Pasal 2 ayat (1) UU Tipikor menyebutkan setiap orang yang secara melawan hukum melakukan perbuatan memperkaya  diri sendiri atau orang lain atau suatu korporasi yang dapat merugikan keuangan negara atau perekonomian negara dipidana dengan pidana penjara  minimal 4 tahun dan maksimal 20 tahun dan denda paling sedikit 200 juta rupiah  dan paling banyak 1 miliar rupiah.

Lebih lanjut, Pasal 3 menyebutkan setiap orang yang dengan tujuan menguntungkan  diri sendiri atau  orang lain atau suatu korporasi, menyalahgunakan kewenangan, kesempatan atau sarana yang ada padanya karena jabatan atau karena kedudukan yang dapat merugikan keuangan negara atau perekonomian negara dipidana seumur hidup, atau pidana penjara paling singkat 1 tahun dan paling lama 20 tahun dan atau denda paling sedikit  50 juta rupiah dan maksimal 1 miliar.

Febri menegaskan bahwa pihaknya sangat mendukung pemberantasan korupsi yang efektif. Namun, ia tidak setuju jika dalih pemberantasan korupsi justru digunakan untuk menyasar pihak yang sebenarnya bukan pelaku pidana.

"Tapi kita juga enggak setuju nih, pemberantasan korupsi atau dalih atau dalil pemberantasan korupsi digunakan secara tidak sesuai dengan hukum untuk menyasar pihak-pihak yang sebenarnya tidak pantas dikatakan sebagai pelaku tindak pidana korupsi," tegasnya.

Ia mencermati banyak kegiatan bisnis normal, seperti negosiasi kontrak, yang kini rentan ditarik ke ranah pidana korupsi. Hal ini dianggap berbahaya bagi iklim usaha dan kepastian hukum di Indonesia.

"Perbuatan di sektor bisnis; orang negosiasi untuk mendapatkan kontrak di sektor bisnis, ditarik-tarik ke korupsi. Apa yang tidak jelas di sana? Ada satu unsur tuh, aspek 'melawan hukum'-nya yang ditafsirkan terlalu luas secara karet," paparnya.

Lebih jauh, Febri memperingatkan bahwa penggunaan pasal yang serampangan dapat berujung pada kriminalisasi.

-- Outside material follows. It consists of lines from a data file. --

lemma nome_power_int_invariant:
  assumes P: "\<And>z. z \<noteq> 0 \<Longrightarrow> P (p * z) = P z" and z: "z \<noteq> 0"
  shows "P (p powi j * z) = P z"
proof -
  have pow: "P (p ^ n * z) = P z" if "z \<noteq> 0" for n z
    using that by (induction n) (simp_all add: P mult.assoc)
  show ?thesis
  proof (cases "j \<ge> 0")
    case True
    then obtain n where "j = int n" using zero_le_imp_eq_int by blast
    then show ?thesis using pow[OF z] by (simp add: power_int_of_nat)
  next
    case False
    define n where "n = nat (- j)"
    have pj: "p powi j = inverse (p ^ n)"
      unfolding n_def using False by (simp add: power_int_def power_inverse)
    have "P (p ^ n * (p powi j * z)) = P (p powi j * z)"
      by (rule pow) (use z in simp)
    then show ?thesis unfolding pj by (simp add: mult.assoc[symmetric])
  qed
qed

lemma exists_nome_power_in_annulus:
  assumes z: "z \<noteq> 0"
  shows "\<exists>j::int. norm p \<le> norm (p powi j * z) \<and> norm (p powi j * z) \<le> 1"
proof -
  define L where "L = ln (norm p)"
  have L0: "L < 0" unfolding L_def using norm_nome_pos norm_nome_less_1 by simp
  define k where "k = floor (ln (norm z) / L)"
  have k1: "of_int k \<le> ln (norm z) / L" and k2: "ln (norm z) / L < of_int k + 1"
    unfolding k_def by linarith+
  have e1: "ln (norm z) \<le> of_int k * L"
    using k1 L0 by (simp add: pos_le_divide_eq neg_le_divide_eq mult.commute)
  have e2: "(of_int k + 1) * L < ln (norm z)"
    using k2 L0 by (simp add: neg_divide_less_eq mult.commute)
  have "norm p powi (- k) = norm p powr real_of_int (- k)"
    using norm_nome_pos by (subst powr_real_of_int') auto
  then have eq: "norm (p powi (- k) * z) = exp (ln (norm z) - of_int k * L)"
    using z norm_nome_pos
    by (simp add: norm_mult norm_power_int powr_def L_def exp_diff field_simps flip: exp_add)
  have "exp L < exp (ln (norm z) - of_int k * L)" using e2 by (simp add: algebra_simps)
  then have "norm p \<le> norm (p powi (- k) * z)"
    using norm_nome_pos eq by (simp add: L_def)
  moreover have "norm (p powi (- k) * z) \<le> 1" using e1 eq by simp
  ultimately show ?thesis by blast
qed

end

section \<open>Liouville's theorem and the addition formula\<close>

lemma eventually_nonzero_near_simple_zero:
  fixes g :: "complex \<Rightarrow> complex"
  assumes "(g has_field_derivative g') (at z0)" and "g z0 = 0" and "g' \<noteq> 0"
  shows "eventually (\<lambda>z. g z \<noteq> 0) (at z0)"
proof -
  have "((\<lambda>y. g y / (y - z0)) \<longlongrightarrow> g') (at z0)"
    using assms(1,2) unfolding has_field_derivative_iff by simp
  from tendsto_imp_eventually_ne[OF this assms(3)] show ?thesis
    by eventually_elim auto
qed

lemma lhopital_complex:
  fixes f g :: "complex \<Rightarrow> complex"
  assumes df: "(f has_field_derivative f') (at z0)" and dg: "(g has_field_derivative g') (at z0)"
    and f0: "f z0 = 0" and g0: "g z0 = 0" and g'0: "g' \<noteq> 0"
  shows "((\<lambda>z. f z / g z) \<longlongrightarrow> f' / g') (at z0)"
proof -
  have A: "((\<lambda>y. f y / (y - z0)) \<longlongrightarrow> f') (at z0)"
    using df unfolding has_field_derivative_iff f0 by simp
  have B: "((\<lambda>y. g y / (y - z0)) \<longlongrightarrow> g') (at z0)"
    using dg unfolding has_field_derivative_iff g0 by simp
  have "((\<lambda>y. (f y / (y - z0)) / (g y / (y - z0))) \<longlongrightarrow> f' / g') (at z0)"
    by (rule tendsto_divide[OF A B g'0])
  then show ?thesis
  proof (rule Lim_transform_eventually)
    show "\<forall>\<^sub>F y in at z0. f y / (y - z0) / (g y / (y - z0)) = f y / g y"
      by (auto simp: eventually_at_filter)
  qed
qed

text \<open>\<open>simple_zeros\<close> says that the two factors of \<open>D\<close> below have no common zero, so all zeros
  of \<open>D\<close> are simple.\<close>
locale theta_pair_liouville = theta_nome +
  fixes a e :: complex and N :: "complex \<Rightarrow> complex"
  assumes a_nonzero: "a \<noteq> 0" and e_nonzero: "e \<noteq> 0" and simple_zeros: "theta (e^2 / a) p \<noteq> 0"
    and holomorphic_N: "N holomorphic_on (- {0})"
    and N_nome_mult: "\<And>z. z \<noteq> 0 \<Longrightarrow> N (p * z) * (a * z^2) = N z"
    and N_inverse_e: "N (1 / e) = 0" and N_e_over_a: "N (e / a) = 0"
begin

definition D :: "complex \<Rightarrow> complex" where
  "D z = theta (e * z) p * theta (a * z / e) p"

definition D' :: "complex \<Rightarrow> complex" where
  "D' z = e * theta' (e * z) * theta (a * z / e) p + (a / e) * theta' (a * z / e) * theta (e * z) p"

lemma has_field_derivative_D: "z \<noteq> 0 \<Longrightarrow> (D has_field_derivative D' z) (at z)"
proof -
  assume z: "z \<noteq> 0"
  have "((\<lambda>y. theta (e * y) p) has_field_derivative theta' (e * z) * e) (at z)"
    by (rule DERIV_chain2[OF has_field_derivative_theta])
      (use z e_nonzero in \<open>auto intro!: derivative_eq_intros\<close>)
  moreover have "((\<lambda>y. theta (a * y / e) p) has_field_derivative theta' (a * z / e) * (a / e)) (at z)"
    by (rule DERIV_chain2[OF has_field_derivative_theta])
      (use z e_nonzero a_nonzero in \<open>auto intro!: derivative_eq_intros\<close>)
  ultimately show ?thesis
    using DERIV_mult unfolding D_def[abs_def] D'_def by (fastforce simp: algebra_simps)
qed

lemma has_field_derivative_N: "z \<noteq> 0 \<Longrightarrow> (N has_field_derivative deriv N z) (at z)"
  using holomorphic_N by (intro holomorphic_derivI[of _ "-{0}"]) auto

lemma D_nome_mult: "z \<noteq> 0 \<Longrightarrow> D (p * z) * (a * z^2) = D z"
proof -
  assume z: "z \<noteq> 0"
  have 1: "theta (p * (e * z)) p * (e * z) = - theta (e * z) p"
    by (rule theta_nome_mult) (use z e_nonzero in auto)
  have 2: "theta (p * (a * z / e)) p * (a * z / e) = - theta (a * z / e) p"
    by (rule theta_nome_mult) (use z e_nonzero a_nonzero in auto)
  have "D (p * z) * (a * z^2)
      = (theta (p * (e * z)) p * (e * z)) * (theta (p * (a * z / e)) p * (a * z / e))"
    unfolding D_def using e_nonzero by (simp add: field_simps power2_eq_square)
  also have "\<dots> = D z"
    unfolding 1 2 D_def by simp
  finally show ?thesis .
qed

lemma N_eq_0_if_D_eq_0:
  assumes z: "z \<noteq> 0" and Dz: "D z = 0"
  shows "N z = 0"
proof -
  have N_orbit: "N (p powi j * w) = 0 \<longleftrightarrow> N w = 0" if "w \<noteq> 0" for j w
    using nome_power_int_invariant[of "\<lambda>w. N w = 0", OF _ that] N_nome_mult a_nonzero
    by (metis mult_eq_0_iff power_eq_0_iff)
  have "theta (e * z) p = 0 \<or> theta (a * z / e) p = 0" using Dz by (simp add: D_def)
  then show ?thesis
  proof
    assume "theta (e * z) p = 0"
    then obtain j where "e * z = p powi j" using theta_eq_0_iff[of "e * z"] z e_nonzero by auto
    then have "z = p powi j * (1 / e)" using e_nonzero by (simp add: field_simps)
    then show ?thesis using N_orbit[of "1 / e" j] N_inverse_e e_nonzero by simp
  next
    assume "theta (a * z / e) p = 0"
    then obtain j where "a * z / e = p powi j"
      using theta_eq_0_iff[of "a * z / e"] z e_nonzero a_nonzero by auto
    then have "z = p powi j * (e / a)" using e_nonzero a_nonzero by (simp add: field_simps)
    then show ?thesis using N_orbit[of "e / a" j] N_e_over_a e_nonzero a_nonzero by simp
  qed
qed

lemma D'_nonzero_if_D_eq_0:
  assumes z: "z \<noteq> 0" and Dz: "D z = 0"
  shows "D' z \<noteq> 0"
proof -
  have not_both: "\<not> (theta (e * z) p = 0 \<and> theta (a * z / e) p = 0)"
  proof
    assume "theta (e * z) p = 0 \<and> theta (a * z / e) p = 0"
    then obtain i j where i: "e * z = p powi i" and j: "a * z / e = p powi j"
      using theta_eq_0_iff[of "e * z"] theta_eq_0_iff[of "a * z / e"] z e_nonzero a_nonzero by auto
    have "e^2 / a = (e * z) / (a * z / e)"
      using z e_nonzero a_nonzero by (simp add: field_simps power2_eq_square)
    also have "\<dots> = p powi (i - j)" unfolding i j by (simp add: power_int_diff)
    finally show False using simple_zeros theta_power_int_nome by simp
  qed
  have "theta (e * z) p = 0 \<or> theta (a * z / e) p = 0" using Dz by (simp add: D_def)
  then show ?thesis
  proof
    assume A: "theta (e * z) p = 0"
    then have "theta' (e * z) \<noteq> 0" using theta'_nonzero_at_zero z e_nonzero by simp
    then show ?thesis using A not_both e_nonzero unfolding D'_def by simp
  next
    assume A: "theta (a * z / e) p = 0"
    then have "theta' (a * z / e) \<noteq> 0" using theta'_nonzero_at_zero z e_nonzero a_nonzero by simp
    then show ?thesis using A not_both e_nonzero a_nonzero unfolding D'_def by simp
  qed
qed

Hal ini sangat disayangkan mengingat kontribusi pengusaha dalam menggerakkan ekonomi dan menyerap tenaga kerja.

"Penggunaan pasal secara serampangan, secara karet, itu justru bisa mengkriminalisasi. Saya gunakan bahasa 'mengkriminalisasi' ya--mengkriminalisasi orang-orang yang secara bisnis dia berkontribusi dalam sebuah proses bisnis," tegas Febri.

Ia mengingatkan bahwa keuntungan yang diperoleh perusahaan dalam transaksi bisnis tidak boleh langsung dicap sebagai kerugian negara atau keuntungan pribadi yang ilegal. Sebab, keuntungan tersebut menyangkut hajat hidup orang banyak.

"Di perusahaan itu ada karyawan. Ada karyawan yang jumlahnya puluhan, ratusan, bahkan ribuan. Ada keluarga yang hidup karena bekerja di sana akibat keuntungan bisnis tersebut," kata eks Jubir KPK ini.

Febri berpesan agar penegak hukum bisa lebih jernih dalam memilah perkara. Jika sebuah persoalan murni merupakan urusan bisnis, maka penyelesaiannya pun harus melalui koridor hukum bisnis.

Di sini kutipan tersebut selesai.